text \<open>Joint distribution of the first n transmission slots of the station (n \<le> RL):
  the first transmission is uniform on {0..CW_0-1}; the transmission following the one
  that raised the retry counter to r (0 < r < RL) happens K slots later, K uniform on
  {1..CW_r}, independent of the past.\<close>
primrec tx_times :: "nat \<Rightarrow> nat \<Rightarrow> nat \<Rightarrow> nat list pmf" where
  "tx_times CWmin CWmax 0 = return_pmf []"
| "tx_times CWmin CWmax (Suc n) =
     do { ts \<leftarrow> tx_times CWmin CWmax n;
          (if n = 0
           then map_pmf (\<lambda>k. [k]) (pmf_of_set {0..<CW CWmin CWmax 0})
           else map_pmf (\<lambda>k. ts @ [last ts + k]) (pmf_of_set {1..CW CWmin CWmax n})) }"

text \<open>All transmissions of the station (it stops after RL of them).\<close>
definition station :: "nat \<Rightarrow> nat \<Rightarrow> nat \<Rightarrow> nat list pmf" where
  "station CWmin CWmax RL = tx_times CWmin CWmax RL"

definition retry_counter :: "nat list \<Rightarrow> nat \<Rightarrow> nat" where
  "retry_counter ts t = length (filter (\<lambda>s. s < t) ts)"

definition transmits :: "nat list \<Rightarrow> nat \<Rightarrow> bool" where
  "transmits ts t \<longleftrightarrow> t \<in> set ts"

end

theory Submission
  imports Defs
begin

text \<open>Let T(r) be the slot of the station's r-th transmission (r < RL). T(0) is uniform on
  {0..<CW 0}, and T(r) = T(r-1) + K with K uniform on {1..CW r} and independent of T(r-1), so the
  law of T(r) is exactly the convolution recursion defining a(., r). Transmission slots increase
  strictly, so the retry counter at slot t counts the j with T(j) < t. Hence "transmits in slot t
  with counter r" is the event T(r) = t, of probability a(t, r), and "counter > r" is the event
  T(r) < t, of probability sum of a(i, r) over i < t; differences of the latter give
  P(counter = r) = b(t, r).\<close>

lemma CW_gt_0: "0 < CWmin \<Longrightarrow> 0 < CWmax \<Longrightarrow> 0 < CW CWmin CWmax n"
  by (induction n) auto

lemma a_fun_neg: "i < 0 \<Longrightarrow> a_fun CWmin CWmax RL r i = 0"
  by (cases r) auto

lemma a_fun_beyond_retry_limit: "RL \<le> r \<Longrightarrow> a_fun CWmin CWmax RL r i = 0"
  by (cases r) auto

lemma a_fun_Suc_nat:
  "a_fun CWmin CWmax RL (Suc r) (int t) =
     (if RL \<le> Suc r then 0
      else (\<Sum>i\<in>{t - CW CWmin CWmax (Suc r)..<t}. a_fun CWmin CWmax RL r (int i))
           / CW CWmin CWmax (Suc r))"
proof -
  let ?c = "CW CWmin CWmax (Suc r)" and ?a = "a_fun CWmin CWmax RL r"
  have "(\<Sum>i\<in>{t - ?c..<t}. ?a (int i)) = (\<Sum>i\<in>int ` {t - ?c..<t}. ?a i)"
    by (simp add: sum.reindex)
  also have "\<dots> = (\<Sum>i\<in>{int t - int ?c .. int t - 1}. ?a i)"
  proof (rule sum.mono_neutral_left)
    show "\<forall>i\<in>{int t - int ?c .. int t - 1} - int ` {t - ?c..<t}. ?a i = 0"
    proof
      fix i assume i: "i \<in> {int t - int ?c .. int t - 1} - int ` {t - ?c..<t}"
      have "i < 0"
      proof (rule ccontr)
        assume "\<not> i < 0"
        then have "nat i \<in> {t - ?c..<t}" and "i = int (nat i)" using i by auto
        then show False using i by blast
      qed
      then show "?a i = 0" by (rule a_fun_neg)
    qed
  qed auto
  finally show ?thesis by simp
qed

lemma pmf_add_uniform:
  fixes D :: "nat pmf"
  assumes "0 < c"
  shows "pmf (bind_pmf D (\<lambda>x. map_pmf ((+) x) (pmf_of_set {1..c}))) t
         = (\<Sum>x\<in>{t - c..<t}. pmf D x) / c"
proof -
  have shifted: "pmf (map_pmf ((+) x) (pmf_of_set {1..c})) t = indicator {t - c..<t} x / c" for x
  proof -
    have "map_pmf ((+) x) (pmf_of_set {1..c}) = pmf_of_set {x + 1..x + c}"
      using assms by (subst map_pmf_of_set_inj) (auto simp: image_add_atLeastAtMost add.commute)
    moreover have "t \<in> {x + 1..x + c} \<longleftrightarrow> x \<in> {t - c..<t}"
      by auto
    ultimately show ?thesis
      using assms by (simp add: indicator_def)
  qed
  have "pmf (bind_pmf D (\<lambda>x. map_pmf ((+) x) (pmf_of_set {1..c}))) t
        = (\<Sum>x\<in>{t - c..<t}. indicator {t - c..<t} x / c * pmf D x)"
    unfolding pmf_bind shifted by (rule integral_measure_pmf_real) (auto simp: indicator_def)
  also have "\<dots> = (\<Sum>x\<in>{t - c..<t}. pmf D x) / c"
    by (simp add: sum_divide_distrib)
  finally show ?thesis .
qed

==============================

ASSIGNMENT
Which lines of the listing include the string "independent"? Pull them out.

EXERCISE RESPONSE
  {1..CW_r}, independent of the past.\<close>
  {0..<CW 0}, and T(r) = T(r-1) + K with K uniform on {1..CW r} and independent of T(r-1), so the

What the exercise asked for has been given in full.